Problem details: Among the records that follow, how many lines contain the word "lemma"? Give the number and no other words.

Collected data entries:
lemma flat_param_eq:
  assumes "isolate_consistent m B" "X \<in> flat_graphs m" "Y \<in> flat_graphs m"
    and "isolate_equiv (flat_prod X Y) H"
  shows "flat_param m B H = B X Y"
proof -
  have ex: "\<exists>X\<in>flat_graphs m. isolate_equiv X H"
    using assms flat_prod_flat by blast
  define W where "W = (SOME X. X \<in> flat_graphs m \<and> isolate_equiv X H)"
  have W: "W \<in> flat_graphs m" "isolate_equiv W H"
    using someI_ex[of "\<lambda>X. X \<in> flat_graphs m \<and> isolate_equiv X H"] ex unfolding W_def by auto
  have "isolate_equiv (flat_prod W W) (flat_prod X Y)"
    using W(2) assms(4) isolate_equiv_sym isolate_equiv_trans flat_prod_self by metis
  then have "B W W = B X Y"
    using assms(1-3) W(1) unfolding isolate_consistent_def by blast
  then show ?thesis
    using ex unfolding flat_param_def W_def Let_def by simp
qed

lemma flat_param_isolate_equiv:
  assumes "isolate_equiv G H"
  shows "flat_param m B G = flat_param m B H"
proof -
  have "\<And>X. isolate_equiv X G \<longleftrightarrow> isolate_equiv X H"
    using assms isolate_equiv_sym isolate_equiv_trans by metis
  then show ?thesis
    unfolding flat_param_def by simp
qed

lemma flat_param_extends:
  assumes "flat_extension k A m B" "k \<le> m" "F \<in> flat_graphs k" "G \<in> flat_graphs k"
  shows "flat_param m B (flat_prod F G) = A F G"
proof -
  have "add_isolated m F \<in> flat_graphs m" "add_isolated m G \<in> flat_graphs m"
    using add_isolated_flat assms(2-4) by auto
  then show ?thesis
    using flat_param_eq[OF _ _ _ isolate_equiv_add_isolated] assms(1,3,4)
    unfolding flat_extension_def by simp
qed
(* Let $L,R$ be nonempty subsets of a group $G$ such that $\mathcal{W}(L)$ and $\mathcal{W}(R)$ are subgroups of $G$, let $s\in G$, and let $k_s$ be the minimum strong connection length in $\langle L\rangle s\langle R\rangle$. If $k_s$ is finite, the double coset $\langle L\rangle s\langle R\rangle$ is the union of exactly $k_s$ strongly connected components of $2\mathrm{S}(G;L,R)$, all of the same cardinality; if $k_s$ is infinite it is the union of infinitely many strongly connected components. Moreover, if $k_s$ is finite and $L\cap N_G(L)\neq\emptyset$ or $R\cap N_G(R)\neq\emptyset$, then all strongly connected components contained in $\langle L\rangle s\langle R\rangle$ are isomorphic as digraphs.
   Context: For nonempty subsets $L,R$ of a group $G$, the two-sided group digraph $2\mathrm{S}(G;L,R)$ has vertex set $G$ and a directed arc $(g,h)$ if and only if $h=l^{-1}gr$ for some $l\in L$, $r\in R$. For nonempty $S$, $\mathcal{W}(S)$ is the set of elements expressible as finite products $s_1\cdots s_n$, $n\ge1$, $s_i\in S$. $g$ is strongly connected to $h$ if there are directed paths from $g$ to $h$ and from $h$ to $g$. Assuming $\mathcal{W}(L),\mathcal{W}(R)$ are subgroups, the minimum strong connection length $k_s$ in $\langle L\rangle s\langle R\rangle$ is the minimum positive length of a word $w$ whose letters all lie in $L$ or all lie in $L^{-1}$ such that $ws$ is strongly connected to $s$ (equivalently, the minimum positive length of a word $w$ with letters all in $R$ or all in $R^{-1}$ such that $sw$ is strongly connected to $s$); it is infinite if no such word exists. $N_G(L)=\{g\in G:g^{-1}Lg=L\}$. *)

theory Defs
  imports "HOL-Algebra.Algebra" "HOL-Library.Equipollence" "HOL-Library.Extended_Nat"
begin

definition wprod :: "('a, 'b) monoid_scheme \<Rightarrow> 'a list \<Rightarrow> 'a" where
  "wprod G xs = foldr (\<lambda>x y. x \<otimes>\<^bsub>G\<^esub> y) xs \<one>\<^bsub>G\<^esub>"

definition W :: "('a, 'b) monoid_scheme \<Rightarrow> 'a set \<Rightarrow> 'a set" where
  "W G S = {wprod G xs | xs. xs \<noteq> [] \<and> set xs \<subseteq> S}"

definition arc2S :: "('a, 'b) monoid_scheme \<Rightarrow> 'a set \<Rightarrow> 'a set \<Rightarrow> 'a \<Rightarrow> 'a \<Rightarrow> bool" where
  "arc2S G L R g h \<longleftrightarrow> g \<in> carrier G \<and> h \<in> carrier G \<and>
     (\<exists>l\<in>L. \<exists>r\<in>R. h = inv\<^bsub>G\<^esub> l \<otimes>\<^bsub>G\<^esub> g \<otimes>\<^bsub>G\<^esub> r)"

definition path2S :: "('a, 'b) monoid_scheme \<Rightarrow> 'a set \<Rightarrow> 'a set \<Rightarrow> 'a \<Rightarrow> 'a \<Rightarrow> bool" where
  "path2S G L R = (arc2S G L R)\<^sup>*\<^sup>*"

definition strongly_conn :: "('a, 'b) monoid_scheme \<Rightarrow> 'a set \<Rightarrow> 'a set \<Rightarrow> 'a \<Rightarrow> 'a \<Rightarrow> bool" where
  "strongly_conn G L R g h \<longleftrightarrow> path2S G L R g h \<and> path2S G L R h g"

definition SCCs :: "('a, 'b) monoid_scheme \<Rightarrow> 'a set \<Rightarrow> 'a set \<Rightarrow> 'a set set" where
  "SCCs G L R = {{h \<in> carrier G. strongly_conn G L R g h} | g. g \<in> carrier G}"

definition double_coset :: "('a, 'b) monoid_scheme \<Rightarrow> 'a set \<Rightarrow> 'a \<Rightarrow> 'a set \<Rightarrow> 'a set" where
  "double_coset G L s R =
     {a \<otimes>\<^bsub>G\<^esub> s \<otimes>\<^bsub>G\<^esub> b | a b. a \<in> generate G L \<and> b \<in> generate G R}"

Exercise response: 3